───── Stored data

lemma trunc_log_mult_cong:
  assumes "N dvd q\<^sup>2" and "N dvd 2 * e - q"
  shows "N dvd trunc_log e (x + y + q * x * y) - (trunc_log e x + trunc_log e y)"
proof -
  obtain k where k: "2 * e - q = N * k" using assms(2) by (auto simp: dvd_def)
  obtain j where j: "q\<^sup>2 = N * j" using assms(1) by (auto simp: dvd_def)
  have "trunc_log e (x + y + q * x * y) - (trunc_log e x + trunc_log e y)
      = - x * y * (2 * e - q) - ((2 * e - q) * q + q\<^sup>2) * x * y * (x + y) - e * q\<^sup>2 * x\<^sup>2 * y\<^sup>2"
    unfolding trunc_log_def by algebra
  also have "\<dots> = N * (- k * x * y - (k * q + j) * x * y * (x + y) - e * j * x\<^sup>2 * y\<^sup>2)"
    unfolding k j by (simp add: algebra_simps)
  finally show ?thesis by simp
qed

lemma trunc_log_inj_cong:
  assumes "\<And>z. coprime (1 - e * z) N" and "N dvd trunc_log e x - trunc_log e y"
  shows "N dvd x - y"
proof -
  have "trunc_log e x - trunc_log e y = (x - y) * (1 - e * (x + y))"
    by (simp add: trunc_log_def algebra_simps power2_eq_square)
  moreover have "coprime N (1 - e * (x + y))" using assms(1) by (simp add: coprime_commute)
  ultimately show ?thesis using assms(2) by (simp add: coprime_dvd_mult_left_iff)
qed

lemma dirichlet_character_one_plus_eq_exp_trunc_log:
  fixes q e :: int and N Q :: nat
  assumes dc: "dirichlet_character Q chi" and QN: "int Q = q * int N" and "N \<ge> 1"
    and "int N dvd q\<^sup>2" and "int N dvd 2 * e - q" and cop: "\<And>z. coprime (1 - e * z) (int N)"
  shows "\<exists>M::int. \<forall>x. chi (1 + q * x) = exp (2 * pi * \<i> * of_int M * of_int (trunc_log e x) / of_nat N)"
proof -
  define f where "f x = chi (1 + q * x)" for x
  have f_cong: "f x = f y" if "int N dvd x - y" for x y
  proof -
    have "(1 + q * x) - (1 + q * y) = q * (x - y)" by (simp add: algebra_simps)
    then have "int Q dvd (1 + q * x) - (1 + q * y)" using that QN by simp
    then show ?thesis unfolding f_def by (rule dirichlet_character_cong[OF dc])
  qed
  have f_mult: "f (x + y + q * x * y) = f x * f y" for x y
  proof -
    have "1 + q * (x + y + q * x * y) = (1 + q * x) * (1 + q * y)" by (simp add: algebra_simps)
    moreover have "chi (m * n) = chi m * chi n" for m n
      using dc by (simp add: dirichlet_character_def)
    ultimately show ?thesis by (simp add: f_def)
  qed
  have log_inj: "int N dvd x - y" if "int N dvd trunc_log e x - trunc_log e y" for x y
    using trunc_log_inj_cong[OF cop that] .
  have log_surj: "\<exists>x. int N dvd trunc_log e x - t" for t
    using inj_cong_imp_surj_cong[OF _ log_inj] \<open>N \<ge> 1\<close> by simp
  \<comment> \<open>f transported along the inverse of trunc_log modulo N\<close>
  define g where "g t = f (SOME x. int N dvd trunc_log e x - t)" for t
  have g_eq: "g t = f x" if "int N dvd trunc_log e x - t" for x t
  proof -
    define y where "y = (SOME y. int N dvd trunc_log e y - t)"
    have "int N dvd trunc_log e y - t" unfolding y_def using that by (rule someI)
    then have "int N dvd (trunc_log e y - t) - (trunc_log e x - t)" using that by (rule dvd_diff)
    then have "int N dvd trunc_log e y - trunc_log e x" by simp
    then show ?thesis unfolding g_def y_def[symmetric] by (rule f_cong[OF log_inj])
  qed
  have "g (s + t) = g s * g t" for s t
  proof -
    obtain x where x: "int N dvd trunc_log e x - s" using log_surj by blast
    obtain y where y: "int N dvd trunc_log e y - t" using log_surj by blast
    have "int N dvd trunc_log e (x + y + q * x * y) - (trunc_log e x + trunc_log e y)"
      by (rule trunc_log_mult_cong) fact+
    then have "int N dvd (trunc_log e (x + y + q * x * y) - (trunc_log e x + trunc_log e y))
        + (trunc_log e x - s) + (trunc_log e y - t)"
      using x y by (intro dvd_add)
    then have "int N dvd trunc_log e (x + y + q * x * y) - (s + t)" by (simp add: algebra_simps)
    then have "g (s + t) = f (x + y + q * x * y)" by (rule g_eq)
    also have "\<dots> = g s * g t" using f_mult g_eq[OF x] g_eq[OF y] by simp
    finally show ?thesis .
  qed
  moreover have "g 0 = 1" "g (int N) = 1"
    using g_eq[of 0] f_def dirichlet_character_one[OF dc] by simp_all
  ultimately obtain M where M: "\<forall>s. g s = exp (2 * pi * \<i> * of_int M * of_int s / of_nat N)"
    using periodic_mult_hom_int_eq_exp[OF \<open>N \<ge> 1\<close>] by blast
  have "chi (1 + q * x) = g (trunc_log e x)" for x
    using g_eq[of x "trunc_log e x"] f_def by simp
  then show ?thesis using M by auto
qed

lemma coprime_one_minus_mult_prime_power:
  fixes e z :: int
  assumes "prime P" and "P dvd e"
  shows "coprime (1 - e * z) (P ^ k)"
proof -
  have "\<not> P dvd 1 - e * z"
  proof
    assume "P dvd 1 - e * z"
    then have "P dvd (1 - e * z) + e * z" using assms(2) by (intro dvd_add dvd_mult2)
    then show False using assms(1) not_prime_unit by (metis diff_add_cancel)
  qed
  then show ?thesis using assms(1) by (simp add: prime_imp_coprime coprime_commute)
qed

lemma prime_power_character_eq_exp_trunc_log:
  fixes p a b :: nat and e :: int
  assumes "prime p" and dc: "dirichlet_character (p ^ a) chi" and "b \<le> a" and "a \<le> 3 * b"
    and "int p dvd e" and "int (p ^ (a - b)) dvd 2 * e - int p ^ b"
  shows "\<exists>M::int. \<forall>x. chi (1 + int p ^ b * x)
           = exp (2 * pi * \<i> * of_int M * of_int (trunc_log e x) / of_nat (p ^ (a - b)))"
proof (rule dirichlet_character_one_plus_eq_exp_trunc_log[OF dc])
  show "int (p ^ a) = int p ^ b * int (p ^ (a - b))"
    using \<open>b \<le> a\<close> by (simp add: power_add[symmetric])
  show "1 \<le> p ^ (a - b)" using prime_gt_0_nat[OF \<open>prime p\<close>] by simp
  show "int (p ^ (a - b)) dvd (int p ^ b)\<^sup>2"
    using \<open>a \<le> 3 * b\<close> by (simp add: power_mult[symmetric] le_imp_power_dvd)
  show "coprime (1 - e * z) (int (p ^ (a - b)))" for z
    unfolding of_nat_power using assms(1,5)
    by (intro coprime_one_minus_mult_prime_power) simp_all
qed fact

lemma power_int_diff_of_nat:
  fixes x :: "'a::division_ring"
  assumes "b \<le> a"
  shows "x powi (int a - int b) = x ^ (a - b)"
proof -
  have "int a - int b = int (a - b)" using assms by (simp add: of_nat_diff)
  then show ?thesis by (simp only: power_int_of_nat)
qed

lemma power_int_diff_double_of_nat:
  fixes x :: "'a::field"
  assumes "x \<noteq> 0" and "b \<le> a"
  shows "x powi (int a - 2 * int b) = x ^ (a - b) / x ^ b"
proof -
  have "int a - 2 * int b = int (a - b) - int b" using assms(2) by (simp add: of_nat_diff)
  moreover have "x powi (int (a - b) - int b) = x powi int (a - b) / x powi int b"
    using assms(1) by (intro power_int_diff) blast
  ultimately show ?thesis by (simp only: power_int_of_nat)
qed

lemma odd_prime_power_character_one_plus:
  fixes p a b :: nat
  assumes "prime p" and "odd p" and dc: "dirichlet_character (p ^ a) chi"
    and "1 \<le> b" and "b \<le> a" and "a \<le> 3 * b"
  shows "\<exists>L::int. \<forall>x::int. chi (1 + int p ^ b * x) =
           exp (4 * pi * \<i> * of_int L * of_int x / complex_of_real (real p powi (int a - int b))
                - 2 * pi * \<i> * of_int L * of_int (x ^ 2) / complex_of_real (real p powi (int a - 2 * int b)))"
proof -
  define q where "q = int p ^ b"
  define N where "N = p ^ (a - b)"
  \<comment> \<open>the inverse of 2 modulo p^a, so that q h plays the role of q/2\<close>
  define h where "h = (int p ^ a + 1) div 2"
  have q_N: "q * int N = int p ^ a" using \<open>b \<le> a\<close> by (simp add: q_def N_def power_add[symmetric])
  have "even (int p ^ a + 1)" using \<open>odd p\<close> by simp
  then have h: "2 * h = q * int N + 1" unfolding h_def q_N by (rule dvd_mult_div_cancel)
  have "int N dvd 2 * (q * h) - q"
  proof -
    have "2 * (q * h) - q = q * (2 * h) - q" by (simp add: algebra_simps)
    also have "\<dots> = int N * q\<^sup>2" unfolding h by (simp add: algebra_simps power2_eq_square)
    finally show ?thesis by simp
  qed
  moreover have "int p dvd q * h" using \<open>1 \<le> b\<close> by (simp add: q_def dvd_power)
  ultimately obtain M where M: "\<forall>x. chi (1 + q * x) =
      exp (2 * pi * \<i> * of_int M * of_int (trunc_log (q * h) x) / of_nat N)"
    using prime_power_character_eq_exp_trunc_log[OF \<open>prime p\<close> dc \<open>b \<le> a\<close> \<open>a \<le> 3 * b\<close>]
    unfolding q_def N_def by blast
  have p0: "real p \<noteq> 0" using prime_gt_0_nat[OF \<open>prime p\<close>] by simp
  have chi_exp: "chi (1 + q * x) =
        exp (4 * pi * \<i> * of_int (M * h) * of_int x / of_nat N
             - 2 * pi * \<i> * of_int (M * h) * of_int (x ^ 2) / (of_nat N / of_int q))" for x
  proof -
    have hc: "2 * (of_int h :: complex) = of_int q * of_nat N + 1"
      using arg_cong[OF h, of "of_int :: int \<Rightarrow> complex"] by simp
    have "4 * pi * \<i> * of_int (M * h) * of_int x / of_nat N
             - 2 * pi * \<i> * of_int (M * h) * of_int (x ^ 2) / (of_nat N / of_int q)
          - (2 * pi * \<i> * of_int M * of_int (trunc_log (q * h) x) / of_nat N
             + of_int (2 * (M * x * q)) * pi * \<i>)
          = 2 * pi * \<i> * of_int M * of_int x * (2 * of_int h - of_int q * of_nat N - 1) / of_nat N"
      using p0 by (simp add: q_def N_def trunc_log_def field_simps)
    then have "4 * pi * \<i> * of_int (M * h) * of_int x / of_nat N
             - 2 * pi * \<i> * of_int (M * h) * of_int (x ^ 2) / (of_nat N / of_int q)
          = 2 * pi * \<i> * of_int M * of_int (trunc_log (q * h) x) / of_nat N
             + of_int (2 * (M * x * q)) * pi * \<i>"
      by (simp add: hc)
    then show ?thesis using M exp_eq by metis
  qed
  have "complex_of_real (real p powi (int a - int b)) = of_nat N"
    and "complex_of_real (real p powi (int a - 2 * int b)) = of_nat N / of_int q"
    using \<open>b \<le> a\<close> p0 by (simp_all add: N_def q_def power_int_diff_of_nat power_int_diff_double_of_nat)
  then show ?thesis
    using chi_exp unfolding q_def by (intro exI[of _ "M * h"] allI) simp
qed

──────────

Instructions for the task
Across the whole listing above, find every line with the string "moreover" and copy it.

Output
  moreover have "coprime N (1 - e * (x + y))" using assms(1) by (simp add: coprime_commute)
    moreover have "chi (m * n) = chi m * chi n" for m n
  moreover have "g 0 = 1" "g (int N) = 1"
  moreover have "x powi (int (a - b) - int b) = x powi int (a - b) / x powi int b"
  moreover have "int p dvd q * h" using \<open>1 \<le> b\<close> by (simp add: q_def dvd_power)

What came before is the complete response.